-- Data for review follows --

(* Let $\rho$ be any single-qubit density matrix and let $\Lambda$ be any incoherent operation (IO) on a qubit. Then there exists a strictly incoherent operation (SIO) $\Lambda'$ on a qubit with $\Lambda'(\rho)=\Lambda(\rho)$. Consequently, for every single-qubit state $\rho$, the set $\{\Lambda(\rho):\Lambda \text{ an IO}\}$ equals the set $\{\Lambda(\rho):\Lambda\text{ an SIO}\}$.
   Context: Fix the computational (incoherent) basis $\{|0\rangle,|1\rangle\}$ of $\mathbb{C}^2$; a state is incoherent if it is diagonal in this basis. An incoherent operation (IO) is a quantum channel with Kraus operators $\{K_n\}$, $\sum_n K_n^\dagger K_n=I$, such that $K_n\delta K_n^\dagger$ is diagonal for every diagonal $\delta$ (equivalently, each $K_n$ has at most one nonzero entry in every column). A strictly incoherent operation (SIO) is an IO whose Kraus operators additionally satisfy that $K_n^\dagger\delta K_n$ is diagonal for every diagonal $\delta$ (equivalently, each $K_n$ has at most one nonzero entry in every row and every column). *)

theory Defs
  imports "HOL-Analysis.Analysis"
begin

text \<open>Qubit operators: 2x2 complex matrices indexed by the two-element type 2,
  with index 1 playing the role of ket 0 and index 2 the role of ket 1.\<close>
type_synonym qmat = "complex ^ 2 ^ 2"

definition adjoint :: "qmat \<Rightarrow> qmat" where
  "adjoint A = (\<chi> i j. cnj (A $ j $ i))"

-- Data for review concluded --
-- Data for review follows --

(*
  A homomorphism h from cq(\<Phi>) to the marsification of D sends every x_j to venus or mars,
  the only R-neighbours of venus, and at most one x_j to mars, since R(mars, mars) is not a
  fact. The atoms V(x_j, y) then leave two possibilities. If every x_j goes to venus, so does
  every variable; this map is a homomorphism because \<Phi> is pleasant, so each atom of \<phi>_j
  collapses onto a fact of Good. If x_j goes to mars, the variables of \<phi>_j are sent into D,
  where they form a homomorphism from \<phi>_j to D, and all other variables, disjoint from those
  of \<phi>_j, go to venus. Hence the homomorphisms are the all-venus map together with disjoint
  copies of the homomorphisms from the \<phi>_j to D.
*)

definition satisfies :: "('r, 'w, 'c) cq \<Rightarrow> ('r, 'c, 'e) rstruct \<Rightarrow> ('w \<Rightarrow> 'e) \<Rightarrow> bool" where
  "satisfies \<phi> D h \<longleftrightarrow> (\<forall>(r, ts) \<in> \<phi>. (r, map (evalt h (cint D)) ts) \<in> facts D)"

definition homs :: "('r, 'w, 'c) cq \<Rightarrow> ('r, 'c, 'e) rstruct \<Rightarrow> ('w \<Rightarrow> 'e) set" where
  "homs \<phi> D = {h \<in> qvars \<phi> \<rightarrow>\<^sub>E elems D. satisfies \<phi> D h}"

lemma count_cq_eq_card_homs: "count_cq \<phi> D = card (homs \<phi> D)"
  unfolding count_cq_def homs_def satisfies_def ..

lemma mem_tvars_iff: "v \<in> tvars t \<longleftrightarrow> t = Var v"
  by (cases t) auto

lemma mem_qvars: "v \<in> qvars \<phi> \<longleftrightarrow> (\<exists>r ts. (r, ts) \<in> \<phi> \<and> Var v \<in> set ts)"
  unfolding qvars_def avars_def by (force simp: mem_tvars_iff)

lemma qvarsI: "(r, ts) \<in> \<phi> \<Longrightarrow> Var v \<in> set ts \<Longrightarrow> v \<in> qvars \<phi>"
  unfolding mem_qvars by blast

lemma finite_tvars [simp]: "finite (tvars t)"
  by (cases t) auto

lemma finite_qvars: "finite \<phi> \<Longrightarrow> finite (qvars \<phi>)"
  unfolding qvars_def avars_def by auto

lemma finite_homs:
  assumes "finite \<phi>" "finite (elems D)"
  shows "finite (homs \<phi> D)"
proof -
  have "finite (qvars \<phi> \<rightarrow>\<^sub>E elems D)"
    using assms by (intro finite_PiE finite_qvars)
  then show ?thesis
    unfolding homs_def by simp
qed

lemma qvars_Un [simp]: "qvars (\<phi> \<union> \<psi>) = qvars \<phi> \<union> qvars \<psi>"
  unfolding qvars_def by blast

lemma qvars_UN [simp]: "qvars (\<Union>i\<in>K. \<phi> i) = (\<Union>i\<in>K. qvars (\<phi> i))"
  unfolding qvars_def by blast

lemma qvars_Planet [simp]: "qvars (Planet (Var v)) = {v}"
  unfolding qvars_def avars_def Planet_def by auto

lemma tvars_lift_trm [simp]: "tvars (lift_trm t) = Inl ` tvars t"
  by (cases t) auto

-- Data for review concluded --

- **Exercise directions**: The word "complex" appears in some lines above. Return every one of those lines.

- **Exercise output**:
text \<open>Qubit operators: 2x2 complex matrices indexed by the two-element type 2,
type_synonym qmat = "complex ^ 2 ^ 2"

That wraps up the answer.